Esta sensación era como si la lanza en su mano fuera parte de su propio cuerpo, y tenía un control absoluto sobre ella. En este momento, Ye Feng finalmente se dio cuenta.

¡Había refinado completamente la lanza!

—¡Arriba! —ordenó Tang Feng. Emocionado, agitó ligeramente la mano derecha y la lanza se elevó por los aires.

«¡Dispérsate!». Los pensamientos de Tang Feng se movieron de nuevo, y la lanza de repente comenzó a vibrar y a girar intensamente. El óxido que la cubría empezó a desprenderse en trozos, seguido de una deslumbrante luz dorada que emanaba del interior de la lanza.

La cegadora y espléndida luz dorada se hizo más intensa, y la verdadera apariencia de la lanza fue finalmente revelada: majestuosa e imponente, colgaba inmóvil en el aire.

Toda la cámara secreta había estado llena de oscuridad, pero bajo la iluminación de la luz dorada, se volvió extremadamente brillante. Desde lejos, la lanza parecía un sol brillante, llena de un aura dominante.

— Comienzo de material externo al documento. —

(* Let $\boldsymbol{\mu}=(\mu_s)_{s\ge1}$ be a fixed probability distribution on $\{1,2,\dots\}$ with $\mu_1>0$ and $\sum_{s=1}^\infty s\mu_s<\infty$, and for each $n$ let $\Pi_n\sim ESC_{[n]}(\boldsymbol{\mu})$. Then: (a) for every $s\ge1$, letting $M_{s,n}$ be the number of clusters of size $s$ in $\Pi_n$, as $n\to\infty$, $$\frac{M_{s,n}}{n}\xrightarrow{p}\frac{\mu_s}{\sum_{\ell=1}^\infty \ell\mu_\ell};$$ (b) the size of a cluster chosen uniformly at random among the clusters of $\Pi_n$ converges in distribution to $\boldsymbol{\mu}$ as $n\to\infty$.
   Context: For a fixed distribution $\boldsymbol{\mu}$ on the positive integers with $\mu_1>0$, $ESC_{[n]}(\boldsymbol{\mu})$ is the law of the following random partition of $[n]=\{1,\dots,n\}$: let $S_1,S_2,\dots$ be i.i.d. with law $\boldsymbol{\mu}$, condition on the event $E_n$ that $\sum_{j=1}^k S_j=n$ for some $k\in\mathbb{N}$, let $K$ be that unique $k$, and let $(z_1,\dots,z_n)$ be a uniformly random permutation of the vector with $S_1$ copies of $1$, ..., $S_K$ copies of $K$; the partition has blocks $\{i:z_i=j\}$, $j=1,\dots,K$ (so it has $K$ clusters of sizes $S_1,\dots,S_K$). $\xrightarrow{p}$ denotes convergence in probability. *)

theory Defs
  imports "HOL-Probability.Probability"
begin

text \<open>Compositions of n: finite sequences (S_1,...,S_K) of positive integers summing to n
  (exactly the outcomes of (S_1,...,S_K) on the event E_n).\<close>
definition compositions :: "nat \<Rightarrow> nat list set" where
  "compositions n = {xs. (\<forall>x\<in>set xs. 1 \<le> x) \<and> sum_list xs = n}"

definition comp_weight :: "nat pmf \<Rightarrow> nat list \<Rightarrow> real" where
  "comp_weight \<mu> xs = (\<Prod>x\<leftarrow>xs. pmf \<mu> x)"

text \<open>Law of (S_1,...,S_K) conditionally on E_n: P(S_1..S_K = xs | E_n)
  = comp_weight xs / P(E_n), with P(E_n) = sum of weights over compositions of n.\<close>
definition cond_sizes :: "nat pmf \<Rightarrow> nat \<Rightarrow> nat list pmf" where
  "cond_sizes \<mu> n = embed_pmf (\<lambda>xs. if xs \<in> compositions n
      then comp_weight \<mu> xs / (\<Sum>ys\<in>compositions n. comp_weight \<mu> ys) else 0)"

definition label_vector :: "nat list \<Rightarrow> nat list" where
  "label_vector xs = concat (map (\<lambda>j. replicate (xs ! j) (Suc j)) [0..<length xs])"

text \<open>Given sizes xs and a permutation sigma of {1..n}, z_i = v_(sigma i) is a uniformly
  random rearrangement of v; the partition has blocks {i. z_i = j}, j = 1..K.\<close>
definition partition_of :: "nat \<Rightarrow> nat list \<Rightarrow> (nat \<Rightarrow> nat) \<Rightarrow> nat set set" where
  "partition_of n xs \<sigma> =
     (\<lambda>j. {i\<in>{1..n}. label_vector xs ! (\<sigma> i - 1) = j}) ` {1..length xs}"

definition ESC :: "nat \<Rightarrow> nat pmf \<Rightarrow> nat set set pmf" where
  "ESC n \<mu> = bind_pmf (cond_sizes \<mu> n)
     (\<lambda>xs. map_pmf (partition_of n xs) (pmf_of_set {\<sigma>. \<sigma> permutes {1..n}}))"

definition conv_in_prob_const :: "(nat \<Rightarrow> real pmf) \<Rightarrow> real \<Rightarrow> bool" where
  "conv_in_prob_const P c \<longleftrightarrow>
     (\<forall>\<epsilon>>0. (\<lambda>n. measure_pmf.prob (P n) {x. \<bar>x - c\<bar> > \<epsilon>}) \<longlonglongrightarrow> 0)"

end

theory Submission
  imports Defs "HOL-Computational_Algebra.Formal_Power_Series" "HOL-Analysis.Analysis"
begin

text \<open>On the event \<open>E\<^sub>n\<close> the cluster sizes form a composition of \<open>n\<close>, and the statistics in
  question only depend on that composition. Let \<open>u\<^sub>n = P(E\<^sub>n)\<close> and \<open>N\<^sub>A\<close> the number of parts lying
  in a set \<open>A\<close>. Generating functions express \<open>E[N\<^sub>A; E\<^sub>n]\<close> and \<open>E[N\<^sub>A (N\<^sub>A - 1) / 2; E\<^sub>n]\<close> as convolutions
  of \<open>u\<close> with \<open>g\<^sub>A(n) = \<Sum>\<^sub>x\<^sub>\<in>\<^sub>A \<mu>\<^sub>x u\<^sub>n\<^sub>-\<^sub>x\<close>. By the renewal theorem (aperiodic since \<open>\<mu>\<^sub>1 > 0\<close>)
  \<open>u\<^sub>n \<rightarrow> 1 / E S\<close> and \<open>g\<^sub>A(n) \<rightarrow> \<mu>(A) / E S\<close>, so conditionally on \<open>E\<^sub>n\<close> the first two moments of
  \<open>N\<^sub>A / n\<close> tend to \<open>\<gamma>\<close> and \<open>\<gamma>\<^sup>2\<close> with \<open>\<gamma> = \<mu>(A) / E S\<close>: \<open>N\<^sub>A / n\<close> concentrates at \<open>\<gamma>\<close>. Part (a) is
  the case \<open>A = {s}\<close>. For (b), the probability that a uniform cluster has size \<open>k\<close> is the expected
  fraction \<open>N\<^sub>{\<^sub>k\<^sub>} / N\<^sub>\<nat>\<close>, which by concentration of numerator and denominator is eventually at least
  \<open>\<mu>\<^sub>k - \<epsilon>\<close>; lower bounds of this kind on laws on \<open>\<nat>\<close> already force convergence of all point masses.\<close>

unbundle no vec_syntax
unbundle fps_syntax

section \<open>Compositions and the renewal sequence\<close>

lemma length_le_sum_list: "\<forall>x\<in>set xs. 1 \<le> x \<Longrightarrow> length xs \<le> sum_list (xs :: nat list)"
  by (induction xs) auto

lemma compositions_0: "compositions 0 = {[]}"
proof -
  have "xs = []" if "\<forall>x\<in>set xs. 1 \<le> x" "sum_list xs = 0" for xs :: "nat list"
    using length_le_sum_list[OF that(1)] that(2) by simp
  then show ?thesis by (auto simp: compositions_def)
qed

lemma Cons_in_compositions:
  "x # ys \<in> compositions n \<longleftrightarrow> 1 \<le> x \<and> x \<le> n \<and> ys \<in> compositions (n - x)"
  unfolding compositions_def by auto

lemma finite_compositions: "finite (compositions n)"
proof (rule finite_subset)
  show "compositions n \<subseteq> {xs. set xs \<subseteq> {..n} \<and> length xs \<le> n}"
    unfolding compositions_def using length_le_sum_list member_le_sum_list by fastforce
  show "finite {xs. set xs \<subseteq> {..n} \<and> length xs \<le> n}"
    by (rule finite_lists_length_le) auto
qed

lemma compositions_eq_UN_Cons:
  assumes "n \<ge> 1"
  shows "compositions n = (\<Union>x\<in>{1..n}. (#) x ` compositions (n - x))"
proof
  show "compositions n \<subseteq> (\<Union>x\<in>{1..n}. (#) x ` compositions (n - x))"
  proof
    fix xs assume xs: "xs \<in> compositions n"
    show "xs \<in> (\<Union>x\<in>{1..n}. (#) x ` compositions (n - x))"
    proof (cases xs)
      case Nil
      then show ?thesis using xs assms by (simp add: compositions_def)
    next
      case (Cons x ys)
      then show ?thesis using xs Cons_in_compositions by auto
    qed
  qed
qed (auto simp: Cons_in_compositions)

lemma sum_compositions_Cons:
  assumes "n \<ge> 1"
  shows "(\<Sum>xs\<in>compositions n. f xs) = (\<Sum>x=1..n. \<Sum>ys\<in>compositions (n - x). f (x # ys))"
proof -
  have "(\<Sum>xs\<in>compositions n. f xs) = (\<Sum>x=1..n. \<Sum>xs\<in>(#) x ` compositions (n - x). f xs)"
    unfolding compositions_eq_UN_Cons[OF assms]
    by (rule sum.UNION_disjoint) (auto simp: finite_compositions)
  also have "\<dots> = (\<Sum>x=1..n. \<Sum>ys\<in>compositions (n - x). f (x # ys))"
    by (rule sum.cong) (auto simp: sum.reindex inj_on_def)
  finally show ?thesis .
qed

lemma comp_weight_Cons: "comp_weight \<mu> (x # ys) = pmf \<mu> x * comp_weight \<mu> ys"
  by (simp add: comp_weight_def)

lemma comp_weight_nonneg: "comp_weight \<mu> xs \<ge> 0"
  unfolding comp_weight_def by (induction xs) auto

text \<open>The renewal sequence \<open>u\<^sub>n = P(E\<^sub>n)\<close>: the probability that some partial sum hits \<open>n\<close>.\<close>

definition renewal_seq :: "nat pmf \<Rightarrow> nat \<Rightarrow> real" where
  "renewal_seq \<mu> n = (\<Sum>xs\<in>compositions n. comp_weight \<mu> xs)"

lemma renewal_seq_0: "renewal_seq \<mu> 0 = 1"
  by (simp add: renewal_seq_def compositions_0 comp_weight_def)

—¡Esta… es la Lanza del Dragón Ancestral! —Tras refinar la lanza, Ye Feng finalmente comprendió su origen.

La Lanza del Dragón Ancestral, el arma personal del Dragón Ancestral de la Raza Humana de hace tres mil años, que una vez la empuñó para arrasar el mundo y dominar los ocho yermos y las seis armonías.

Puede que la Lanza del Dragón Ancestral no fuera la primera en la clasificación de armas de la época, ¡pero sin duda se encontraba entre las tres primeras!

«Ahora lo entiendo, finalmente entiendo por qué la Lanza del Dragón Ancestral me llamó cuando me acerqué a la Bóveda del Tesoro».

Ye Feng tuvo una epifanía. La técnica de cultivación de artes marciales que practicaba era el legado del Dragón Ancestral de la Raza Humana de hace tres mil años. Quizás porque sintió un aura familiar, la Lanza del Dragón Ancestral lo había convocado.

«Es una lástima, esta Lanza del Dragón Ancestral parece haber sufrido algún daño y perdido la mayor parte de su Sabiduría Espiritual, quedando solo una pequeña parte. No es de extrañar que haya sido descartada como chatarra y dejada en un rincón durante siglos», suspiró Ye Feng para sus adentros.

No obstante, a pesar de estar algo dañada y ser incapaz de ejercer el verdadero poder de la Lanza del Dragón Ancestral, seguía siendo un extraordinario artefacto espiritual.

¡Esta Lanza del Dragón Ancestral, Ye Feng podría usarla sin duda como su carta de triunfo secreta!